Pierre-Marie Pédrot wrote:
> I've fighting for some days with equality and dependent types for very
> simple cases. I'm currently trying to fiddle with Fin, which defined as
> in CPDT :
>
> Inductive Fin : nat ->  Type :=
> | Fin0 : forall n, Fin (S n)
> | FinS : forall n, Fin n ->  Fin (S n).
>
> and I would like to find an axiom-free proof of decidability of equality
> for Fin :
>
> Lemma Fin_eq_dec : forall n (x y : Fin n), {x = y} + {x<>  y}.
>    

Here's an implementation.  It works for me in Coq 8.2pl2, in a file 
containing just the following, with your [Fin] definition beforehand.  
The main trick is in the inner [match] [return] annotations, which are 
themselves [match]es that return functions over the discriminee.
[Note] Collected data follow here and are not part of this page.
lemma c0_if_dominated:
  assumes "b \<in> c0" "\<And>n. \<bar>apply_bcontfun c n\<bar> \<le> \<bar>apply_bcontfun b n\<bar>"
  shows "c \<in> c0"
proof -
  have "(\<lambda>n. \<bar>apply_bcontfun b n\<bar>) \<longlonglongrightarrow> 0"
    using assms(1) unfolding c0_def by (intro tendsto_rabs_zero) simp
  moreover have "\<forall>n. norm (apply_bcontfun c n) \<le> \<bar>apply_bcontfun b n\<bar>" using assms(2) by simp
  ultimately have "(\<lambda>n. apply_bcontfun c n) \<longlonglongrightarrow> 0"
    by (rule Lim_null_comparison[OF always_eventually, rotated])
  then show ?thesis unfolding c0_def by simp
qed

definition c0_nonneg :: "(nat \<Rightarrow>\<^sub>C real) set" where
  "c0_nonneg = {w \<in> c0. \<forall>n. 0 \<le> apply_bcontfun w n}"

definition trunc_seq :: "nat \<Rightarrow> (nat \<Rightarrow> real) \<Rightarrow> (nat \<Rightarrow>\<^sub>C real)" where
  "trunc_seq N g = Bcontfun (\<lambda>m. if m < N then g m else 0)"

definition unit_seq :: "nat \<Rightarrow> (nat \<Rightarrow>\<^sub>C real)" where
  "unit_seq n = Bcontfun (\<lambda>m. if m = n then 1 else 0)"

lemma apply_trunc_seq: "apply_bcontfun (trunc_seq N g) = (\<lambda>m. if m < N then g m else 0)"
  unfolding trunc_seq_def
  by (rule apply_Bcontfun_nat[where b="\<Sum>k<N. \<bar>g k\<bar>"])
     (auto intro: member_le_sum[where f="\<lambda>k. \<bar>g k\<bar>", simplified])

lemma apply_unit_seq: "apply_bcontfun (unit_seq n) = (\<lambda>m. if m = n then 1 else 0)"
  unfolding unit_seq_def by (rule apply_Bcontfun_nat[where b=1]) auto

lemma trunc_seq_in_c0: "trunc_seq N g \<in> c0"
  by (rule c0_if_eventually_zero[where N=N]) (simp add: apply_trunc_seq)

lemma unit_seq_in_c0: "unit_seq n \<in> c0"
  by (rule c0_if_eventually_zero[where N="Suc n"]) (simp add: apply_unit_seq)

lemma trunc_seq_0: "trunc_seq 0 g = 0"
  by (rule bcontfun_eqI) (simp add: apply_trunc_seq)

lemma trunc_seq_Suc: "trunc_seq (Suc N) g = trunc_seq N g + g N *\<^sub>R unit_seq N"
  by (rule bcontfun_eqI) (auto simp: apply_trunc_seq apply_unit_seq less_Suc_eq)

lemma trunc_seq_tendsto:
  assumes "x \<in> c0"
  shows "(\<lambda>N. trunc_seq N (apply_bcontfun x)) \<longlonglongrightarrow> x"
proof (rule LIMSEQ_I)
  fix r :: real assume r: "r > 0"
  have "(\<lambda>n. apply_bcontfun x n) \<longlonglongrightarrow> 0" using assms unfolding c0_def by simp
  then obtain N0 where N0: "\<forall>n\<ge>N0. norm (apply_bcontfun x n - 0) < r / 2"
    using LIMSEQ_D half_gt_zero[OF r] by blast
  show "\<exists>no. \<forall>N\<ge>no. norm (trunc_seq N (apply_bcontfun x) - x) < r"
  proof (intro exI allI impI)
    fix N assume "N0 \<le> N"
    then have "norm (trunc_seq N (apply_bcontfun x) - x) \<le> r / 2"
      using N0 r by (intro norm_bound) (auto simp: apply_trunc_seq less_imp_le)
    then show "norm (trunc_seq N (apply_bcontfun x) - x) < r" using r by simp
  qed
qed

locale c0_functional =
  fixes \<phi> :: "(nat \<Rightarrow>\<^sub>C real) \<Rightarrow> real"
  assumes bounded_linear_functional: "bounded_linear_functional_on c0 \<phi>"
begin

lemma add: "x \<in> c0 \<Longrightarrow> y \<in> c0 \<Longrightarrow> \<phi> (x + y) = \<phi> x + \<phi> y"
  using bounded_linear_functional unfolding bounded_linear_functional_on_def by blast

lemma scaleR: "x \<in> c0 \<Longrightarrow> \<phi> (c *\<^sub>R x) = c * \<phi> x"
  using bounded_linear_functional unfolding bounded_linear_functional_on_def by blast

lemma zero: "\<phi> 0 = 0"
  using scaleR[of 0 0] unfolding c0_def by simp

lemma diff: "x \<in> c0 \<Longrightarrow> y \<in> c0 \<Longrightarrow> \<phi> (x - y) = \<phi> x - \<phi> y"
  using add[of x "(-1) *\<^sub>R y"] scaleR[of y "-1"] c0_scaleR[of y "-1"] by simp

lemma bounded:
  obtains C where "C \<ge> 0" "\<And>x. x \<in> c0 \<Longrightarrow> \<bar>\<phi> x\<bar> \<le> C * norm x"
proof -
  obtain C where C: "\<forall>x\<in>c0. \<bar>\<phi> x\<bar> \<le> C * norm x"
    using bounded_linear_functional unfolding bounded_linear_functional_on_def by blast
  have "\<bar>\<phi> x\<bar> \<le> max C 0 * norm x" if "x \<in> c0" for x
    using order.trans[OF C[rule_format, OF that] mult_right_mono[OF max.cobounded1 norm_ge_zero]] .
  then show ?thesis using that[of "max C 0"] by simp
qed

definition coeff :: "nat \<Rightarrow> real" where
  "coeff n = \<phi> (unit_seq n)"

lemma trunc_seq_eq_sum: "\<phi> (trunc_seq N g) = (\<Sum>n<N. g n * coeff n)"
proof (induction N)
  case (Suc N)
  have "\<phi> (trunc_seq (Suc N) g) = \<phi> (trunc_seq N g) + g N * coeff N"
    unfolding trunc_seq_Suc coeff_def
    using add[OF trunc_seq_in_c0 c0_scaleR[OF unit_seq_in_c0]] scaleR[OF unit_seq_in_c0] by simp
  then show ?case using Suc by simp
qed (simp add: trunc_seq_0 zero)

lemma summable_abs_coeff: "summable (\<lambda>n. \<bar>coeff n\<bar>)"
proof -
  obtain C where C: "C \<ge> 0" "\<And>x. x \<in> c0 \<Longrightarrow> \<bar>\<phi> x\<bar> \<le> C * norm x" using bounded by blast
  show ?thesis
  proof (rule summableI_nonneg_bounded[where x=C])
    fix N
    let ?s = "trunc_seq N (\<lambda>n. sgn (coeff n))"
    have "(\<Sum>n<N. \<bar>coeff n\<bar>) = \<phi> ?s"
      unfolding trunc_seq_eq_sum by (rule sum.cong) (auto simp: sgn_real_def)
    also have "\<dots> \<le> C * norm ?s" using C(2)[OF trunc_seq_in_c0[of N]] by (simp add: abs_le_iff)
    also have "\<dots> \<le> C * 1"
      by (rule mult_left_mono[OF _ C(1)], rule norm_bound) (simp add: apply_trunc_seq sgn_real_def)
    finally show "(\<Sum>n<N. \<bar>coeff n\<bar>) \<le> C" by simp
  qed simp
qed

lemma sums_coeff:
  assumes x: "x \<in> c0"
  shows "(\<lambda>n. coeff n * apply_bcontfun x n) sums \<phi> x"
proof -
  obtain C where C: "C \<ge> 0" "\<And>x. x \<in> c0 \<Longrightarrow> \<bar>\<phi> x\<bar> \<le> C * norm x" using bounded by blast
  let ?t = "\<lambda>N. trunc_seq N (apply_bcontfun x)"
  have "\<forall>N. norm (\<phi> (?t N) - \<phi> x) \<le> C * norm (?t N - x)"
    using C(2)[OF c0_diff[OF trunc_seq_in_c0 x]] diff[OF trunc_seq_in_c0 x] by simp
  moreover have "(\<lambda>N. C * norm (?t N - x)) \<longlonglongrightarrow> 0"
    using tendsto_norm_zero[OF LIM_zero[OF trunc_seq_tendsto[OF x]]] by (rule tendsto_mult_right_zero)
  ultimately have "(\<lambda>N. \<phi> (?t N) - \<phi> x) \<longlonglongrightarrow> 0"
    by (rule Lim_null_comparison[OF always_eventually])
  then have "(\<lambda>N. \<phi> (?t N)) \<longlonglongrightarrow> \<phi> x" by (rule LIM_zero_cancel)
  then show ?thesis unfolding sums_def trunc_seq_eq_sum by (simp add: mult.commute)
qed


definition tail :: "nat \<Rightarrow> (nat \<Rightarrow>\<^sub>C real) \<Rightarrow> real" where
  "tail N w = (\<Sum>m. \<bar>coeff (m + N)\<bar> * apply_bcontfun w (m + N))"

lemma summable_tail: "summable (\<lambda>m. \<bar>coeff (m + N)\<bar> * apply_bcontfun w (m + N))"
proof -
  have "summable (\<lambda>m. \<bar>coeff m\<bar> * norm w)" by (rule summable_mult2[OF summable_abs_coeff])
  then have "summable (\<lambda>m. \<bar>coeff m\<bar> * apply_bcontfun w m)"
    by (rule summable_comparison_test'[where N=0])
       (simp add: abs_mult mult_left_mono abs_apply_bcontfun_le)
  then show ?thesis by (rule summable_ignore_initial_segment)
qed

lemma tail_functional: "bounded_linear_functional_on c0 (tail N)"
  unfolding bounded_linear_functional_on_def
proof (intro conjI ballI allI)
  fix x y :: "nat \<Rightarrow>\<^sub>C real"
  show "tail N (x + y) = tail N x + tail N y"
    unfolding tail_def using suminf_add[OF summable_tail[of N x] summable_tail[of N y]]
    by (simp add: distrib_left)
next
  fix c and x :: "nat \<Rightarrow>\<^sub>C real"
  show "tail N (c *\<^sub>R x) = c * tail N x"
    unfolding tail_def using suminf_mult[OF summable_tail[of N x], of c]
    by (simp add: algebra_simps)
next
  have sa: "summable (\<lambda>m. \<bar>coeff (m + N)\<bar>)"
    by (rule summable_ignore_initial_segment[OF summable_abs_coeff])
  show "\<exists>C. \<forall>x\<in>c0. \<bar>tail N x\<bar> \<le> C * norm x"
  proof (intro exI ballI)
    fix x :: "nat \<Rightarrow>\<^sub>C real"
    have "\<bar>tail N x\<bar> \<le> (\<Sum>m. \<bar>coeff (m + N)\<bar> * norm x)"
      unfolding tail_def real_norm_def[symmetric]
      by (rule norm_suminf_le)
         (auto simp: abs_mult intro: mult_left_mono abs_apply_bcontfun_le summable_mult2[OF sa])
    then show "\<bar>tail N x\<bar> \<le> (\<Sum>m. \<bar>coeff (m + N)\<bar>) * norm x"
      by (simp add: suminf_mult2[OF sa])
  qed
qed

lemma tail_nonneg: "w \<in> c0_nonneg \<Longrightarrow> 0 \<le> tail N w"
  unfolding tail_def c0_nonneg_def by (intro suminf_nonneg[OF summable_tail]) auto

end

section \<open>Weak topologies\<close>

lemma topspace_weak_topology_on: "topspace (weak_topology_on S) = S"
proof -
  have "bounded_linear_functional_on S (\<lambda>_. 0)"
    unfolding bounded_linear_functional_on_def by (auto intro!: exI[of _ 0])
  then have "S \<in> {S \<inter> \<phi> -` U | \<phi> U. bounded_linear_functional_on S \<phi> \<and> open U}"
    by (auto intro!: exI[of _ "\<lambda>_. 0"] exI[of _ UNIV])
  then show ?thesis unfolding weak_topology_on_def topology_generated_by_topspace by blast
qed

lemma continuous_map_weak_topology_on_functional:
  assumes "bounded_linear_functional_on S \<phi>"
  shows "continuous_map (weak_topology_on S) euclideanreal \<phi>"
  unfolding continuous_map_def
proof (intro conjI allI impI)
  fix U :: "real set" assume "openin euclideanreal U"
  then have "openin (weak_topology_on S) (S \<inter> \<phi> -` U)"
    unfolding weak_topology_on_def using assms by (intro topology_generated_by_Basis) auto
  moreover have "{x \<in> topspace (weak_topology_on S). \<phi> x \<in> U} = S \<inter> \<phi> -` U"
    by (auto simp: topspace_weak_topology_on)
  ultimately show "openin (weak_topology_on S) {x \<in> topspace (weak_topology_on S). \<phi> x \<in> U}"
    by simp
qed simp

lemma continuous_map_into_weak_topology_on:
  assumes "f \<in> topspace X \<rightarrow> S"
    and "\<And>\<phi>. bounded_linear_functional_on S \<phi> \<Longrightarrow> continuous_map X euclideanreal (\<phi> \<circ> f)"
  shows "continuous_map X (weak_topology_on S) f"
  unfolding weak_topology_on_def
proof (rule continuous_on_generated_topo)
  fix U assume "U \<in> {S \<inter> \<phi> -` U | \<phi> U. bounded_linear_functional_on S \<phi> \<and> open U}"
  then obtain \<phi> V where U: "U = S \<inter> \<phi> -` V" and \<phi>: "bounded_linear_functional_on S \<phi>"
    and "open V"
    by blast
  then have "openin X {x \<in> topspace X. (\<phi> \<circ> f) x \<in> V}"
    using openin_continuous_map_preimage[OF assms(2)[OF \<phi>], of V] by simp
  moreover have "f -` U \<inter> topspace X = {x \<in> topspace X. (\<phi> \<circ> f) x \<in> V}"
    using U assms(1) by auto
  ultimately show "openin X (f -` U \<inter> topspace X)" by simp
next
  show "f ` topspace X \<subseteq> \<Union> {S \<inter> \<phi> -` U | \<phi> U. bounded_linear_functional_on S \<phi> \<and> open U}"
    using assms(1) topspace_weak_topology_on[of S]
    unfolding weak_topology_on_def topology_generated_by_topspace by blast
qed

lemma relatively_weakly_compact_in_subset:
  assumes "relatively_weakly_compact_in S C" "B \<subseteq> C"
  shows "relatively_weakly_compact_in S B"
  using assms closed_compactin[OF _ closure_of_mono closedin_closure_of]
  unfolding relatively_weakly_compact_in_def by blast

lemma bounded_linear_functional_on_c0_apply:
  "bounded_linear_functional_on c0 (\<lambda>w. apply_bcontfun w n)"
  unfolding bounded_linear_functional_on_def
  using abs_apply_bcontfun_le[of _ n] by (auto intro!: exI[of _ 1])

lemma continuous_map_weak_topology_on_c0_apply:
  "continuous_map (weak_topology_on c0) euclideanreal (\<lambda>w. apply_bcontfun w n)"
  by (rule continuous_map_weak_topology_on_functional[OF bounded_linear_functional_on_c0_apply])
Definition argOf n (x : Fin n) : option (Fin (pred n)) :=
  match x with
    | Fin0 _ => None
    | FinS _ x' => Some x'
  end.

Theorem noteq_cong : forall n (x y : Fin n),
  x <> y
  -> FinS _ x <> FinS _ y.
  intros; intro Heq; generalize (f_equal (@argOf _) Heq); simpl; 
congruence.
Qed.

Hint Resolve noteq_cong.
Hint Extern 1 (_ <> _) => discriminate.

Definition Fin_eq_dec n (x y : Fin n) : {x = y} + {x <> y}.
  refine (fix F n (x : Fin n) : forall y : Fin n, {x = y} + {x <> y} :=
    match x in Fin n return forall y : Fin n, {x = y} + {x <> y} with
      | Fin0 _ => fun y => match y in Fin n' return match n' return Fin 
n' -> Type with
                                                      | O => fun _ => 
Empty_set
                                                      | S n'' => fun y 
=> {Fin0 _ = y} + {Fin0 _ <> y}
                                                    end y with
                             | Fin0 _ => left _ _
                             | _ => right _ _
                           end
      | FinS _ x' => fun y => match y in Fin n' return match n' return 
Fin n' -> Type with
                                                      | O => fun _ => 
Empty_set
                                                      | S n'' => fun y 
=> forall x' (Fx' : forall y', {x' = y'} + {x' <> y'}),
                                                        {FinS _ x' = y} 
+ {FinS _ x' <> y}
                                                       end y with
                                | Fin0 _ => fun _ _ => right _ _
                                | FinS _ y' => fun _ Fx' => if Fx' y' 
then left _ _ else right _ _
                              end _ (F _ x')
    end); subst; auto.
Defined.